Give back exactly the line that contains "using \<open>f \<in> X\<close> that" and all the lines after it in the records below, to the very last, with no other output.

· · · · ·

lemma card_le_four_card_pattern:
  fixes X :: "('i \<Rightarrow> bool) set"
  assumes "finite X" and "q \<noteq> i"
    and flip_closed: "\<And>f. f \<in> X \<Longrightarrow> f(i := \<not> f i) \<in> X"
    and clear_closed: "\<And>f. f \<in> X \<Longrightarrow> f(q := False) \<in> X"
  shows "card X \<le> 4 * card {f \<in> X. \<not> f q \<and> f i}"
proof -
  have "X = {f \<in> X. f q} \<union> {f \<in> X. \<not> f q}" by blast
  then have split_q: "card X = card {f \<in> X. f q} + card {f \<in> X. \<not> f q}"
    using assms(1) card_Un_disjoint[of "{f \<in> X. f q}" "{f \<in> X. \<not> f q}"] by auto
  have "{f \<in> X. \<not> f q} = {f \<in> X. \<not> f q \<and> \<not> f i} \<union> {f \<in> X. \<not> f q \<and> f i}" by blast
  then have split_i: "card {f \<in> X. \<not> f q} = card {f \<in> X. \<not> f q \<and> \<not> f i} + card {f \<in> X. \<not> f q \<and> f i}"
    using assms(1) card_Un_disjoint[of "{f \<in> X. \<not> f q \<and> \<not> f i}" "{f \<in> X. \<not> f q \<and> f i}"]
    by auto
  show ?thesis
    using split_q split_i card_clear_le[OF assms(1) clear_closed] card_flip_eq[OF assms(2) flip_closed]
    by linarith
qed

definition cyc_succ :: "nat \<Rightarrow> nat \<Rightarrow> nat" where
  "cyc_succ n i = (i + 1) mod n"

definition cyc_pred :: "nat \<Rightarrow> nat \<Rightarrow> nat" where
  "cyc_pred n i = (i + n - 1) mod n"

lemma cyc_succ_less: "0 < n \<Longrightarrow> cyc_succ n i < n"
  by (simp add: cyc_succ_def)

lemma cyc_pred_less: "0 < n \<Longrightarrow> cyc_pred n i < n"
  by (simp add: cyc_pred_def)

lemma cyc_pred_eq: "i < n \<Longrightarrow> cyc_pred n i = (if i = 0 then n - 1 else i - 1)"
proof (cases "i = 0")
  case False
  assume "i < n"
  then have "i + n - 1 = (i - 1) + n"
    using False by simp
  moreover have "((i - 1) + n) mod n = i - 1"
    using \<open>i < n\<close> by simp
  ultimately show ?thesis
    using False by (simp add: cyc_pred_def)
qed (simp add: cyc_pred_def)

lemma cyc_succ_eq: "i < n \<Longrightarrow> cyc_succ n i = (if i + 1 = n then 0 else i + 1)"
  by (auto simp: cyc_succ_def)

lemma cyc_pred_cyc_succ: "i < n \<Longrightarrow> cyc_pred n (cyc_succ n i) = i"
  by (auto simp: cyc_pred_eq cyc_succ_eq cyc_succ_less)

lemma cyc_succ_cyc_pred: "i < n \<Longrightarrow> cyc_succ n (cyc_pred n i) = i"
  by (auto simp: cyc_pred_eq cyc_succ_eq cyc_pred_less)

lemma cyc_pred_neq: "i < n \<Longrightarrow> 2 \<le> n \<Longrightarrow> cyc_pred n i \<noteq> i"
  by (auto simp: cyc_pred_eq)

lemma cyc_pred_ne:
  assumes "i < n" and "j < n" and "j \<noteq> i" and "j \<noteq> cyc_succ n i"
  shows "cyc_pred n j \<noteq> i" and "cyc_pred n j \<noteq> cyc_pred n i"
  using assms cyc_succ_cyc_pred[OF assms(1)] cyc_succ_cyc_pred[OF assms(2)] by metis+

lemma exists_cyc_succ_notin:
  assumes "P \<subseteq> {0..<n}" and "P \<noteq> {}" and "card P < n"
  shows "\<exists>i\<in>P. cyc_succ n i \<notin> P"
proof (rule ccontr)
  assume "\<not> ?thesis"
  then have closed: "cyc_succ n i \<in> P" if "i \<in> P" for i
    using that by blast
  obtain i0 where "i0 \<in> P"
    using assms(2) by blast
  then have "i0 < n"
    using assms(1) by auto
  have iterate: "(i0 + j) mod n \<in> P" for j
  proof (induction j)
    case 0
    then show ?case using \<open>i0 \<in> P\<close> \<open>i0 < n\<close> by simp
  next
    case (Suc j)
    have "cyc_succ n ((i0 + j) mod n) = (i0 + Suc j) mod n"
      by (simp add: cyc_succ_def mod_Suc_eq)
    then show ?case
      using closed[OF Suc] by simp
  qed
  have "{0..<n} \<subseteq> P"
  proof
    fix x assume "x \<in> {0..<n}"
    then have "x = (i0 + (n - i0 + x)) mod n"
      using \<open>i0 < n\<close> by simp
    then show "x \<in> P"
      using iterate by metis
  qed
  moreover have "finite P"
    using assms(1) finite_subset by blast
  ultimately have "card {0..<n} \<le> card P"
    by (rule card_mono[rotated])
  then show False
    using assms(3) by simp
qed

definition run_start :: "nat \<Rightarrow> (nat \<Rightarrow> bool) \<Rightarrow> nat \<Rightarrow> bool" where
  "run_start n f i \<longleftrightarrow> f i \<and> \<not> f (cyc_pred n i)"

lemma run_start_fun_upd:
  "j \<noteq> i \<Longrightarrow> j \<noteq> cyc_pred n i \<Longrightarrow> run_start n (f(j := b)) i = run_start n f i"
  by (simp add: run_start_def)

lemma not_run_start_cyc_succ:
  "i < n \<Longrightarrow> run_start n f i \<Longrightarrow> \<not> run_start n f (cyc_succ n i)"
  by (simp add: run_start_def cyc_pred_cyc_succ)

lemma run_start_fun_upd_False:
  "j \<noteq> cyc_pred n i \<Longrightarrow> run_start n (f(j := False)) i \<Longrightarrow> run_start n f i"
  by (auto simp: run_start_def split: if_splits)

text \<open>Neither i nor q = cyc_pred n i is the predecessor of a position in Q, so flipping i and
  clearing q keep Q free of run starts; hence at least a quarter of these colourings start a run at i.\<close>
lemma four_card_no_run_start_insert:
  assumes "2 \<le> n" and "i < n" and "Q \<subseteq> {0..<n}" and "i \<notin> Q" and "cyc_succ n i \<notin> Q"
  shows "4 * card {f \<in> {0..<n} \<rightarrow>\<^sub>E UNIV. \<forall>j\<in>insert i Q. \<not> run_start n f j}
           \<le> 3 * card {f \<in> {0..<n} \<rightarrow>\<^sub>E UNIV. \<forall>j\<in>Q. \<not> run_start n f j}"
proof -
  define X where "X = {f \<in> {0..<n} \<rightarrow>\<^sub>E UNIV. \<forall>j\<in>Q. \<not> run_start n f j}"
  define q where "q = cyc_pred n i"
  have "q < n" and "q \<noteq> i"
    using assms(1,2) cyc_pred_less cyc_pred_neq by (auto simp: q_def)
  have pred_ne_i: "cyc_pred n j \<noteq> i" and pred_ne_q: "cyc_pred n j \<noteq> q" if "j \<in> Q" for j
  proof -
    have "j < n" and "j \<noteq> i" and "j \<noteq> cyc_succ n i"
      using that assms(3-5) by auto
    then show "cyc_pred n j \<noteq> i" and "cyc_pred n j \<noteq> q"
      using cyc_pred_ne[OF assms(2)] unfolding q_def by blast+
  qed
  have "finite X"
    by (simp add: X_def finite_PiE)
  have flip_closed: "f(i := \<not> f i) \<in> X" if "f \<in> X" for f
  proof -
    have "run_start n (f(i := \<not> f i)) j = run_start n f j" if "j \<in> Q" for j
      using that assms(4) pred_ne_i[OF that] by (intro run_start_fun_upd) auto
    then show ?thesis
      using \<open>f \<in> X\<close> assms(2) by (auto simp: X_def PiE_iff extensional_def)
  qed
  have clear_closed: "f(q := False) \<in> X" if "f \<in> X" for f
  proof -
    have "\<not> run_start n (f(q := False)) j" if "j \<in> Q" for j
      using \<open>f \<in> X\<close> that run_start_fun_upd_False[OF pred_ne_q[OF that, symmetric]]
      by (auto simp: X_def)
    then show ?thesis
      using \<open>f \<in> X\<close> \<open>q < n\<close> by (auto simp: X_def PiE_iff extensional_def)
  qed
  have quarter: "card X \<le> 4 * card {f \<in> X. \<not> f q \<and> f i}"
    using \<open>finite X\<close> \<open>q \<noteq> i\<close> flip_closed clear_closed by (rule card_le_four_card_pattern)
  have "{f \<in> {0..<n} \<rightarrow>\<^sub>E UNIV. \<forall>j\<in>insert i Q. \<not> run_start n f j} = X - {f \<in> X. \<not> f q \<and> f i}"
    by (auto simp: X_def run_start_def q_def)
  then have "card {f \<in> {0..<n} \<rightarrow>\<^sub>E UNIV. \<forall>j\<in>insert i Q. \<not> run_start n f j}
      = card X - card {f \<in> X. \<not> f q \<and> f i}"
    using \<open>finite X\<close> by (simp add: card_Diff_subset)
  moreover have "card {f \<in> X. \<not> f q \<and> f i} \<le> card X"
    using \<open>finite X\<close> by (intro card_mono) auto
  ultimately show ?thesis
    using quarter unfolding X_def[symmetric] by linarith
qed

· · · · ·

Answer for this exercise
      using \<open>f \<in> X\<close> that run_start_fun_upd_False[OF pred_ne_q[OF that, symmetric]]
      by (auto simp: X_def)
    then show ?thesis
      using \<open>f \<in> X\<close> \<open>q < n\<close> by (auto simp: X_def PiE_iff extensional_def)
  qed
  have quarter: "card X \<le> 4 * card {f \<in> X. \<not> f q \<and> f i}"
    using \<open>finite X\<close> \<open>q \<noteq> i\<close> flip_closed clear_closed by (rule card_le_four_card_pattern)
  have "{f \<in> {0..<n} \<rightarrow>\<^sub>E UNIV. \<forall>j\<in>insert i Q. \<not> run_start n f j} = X - {f \<in> X. \<not> f q \<and> f i}"
    by (auto simp: X_def run_start_def q_def)
  then have "card {f \<in> {0..<n} \<rightarrow>\<^sub>E UNIV. \<forall>j\<in>insert i Q. \<not> run_start n f j}
      = card X - card {f \<in> X. \<not> f q \<and> f i}"
    using \<open>finite X\<close> by (simp add: card_Diff_subset)
  moreover have "card {f \<in> X. \<not> f q \<and> f i} \<le> card X"
    using \<open>finite X\<close> by (intro card_mono) auto
  ultimately show ?thesis
    using quarter unfolding X_def[symmetric] by linarith
qed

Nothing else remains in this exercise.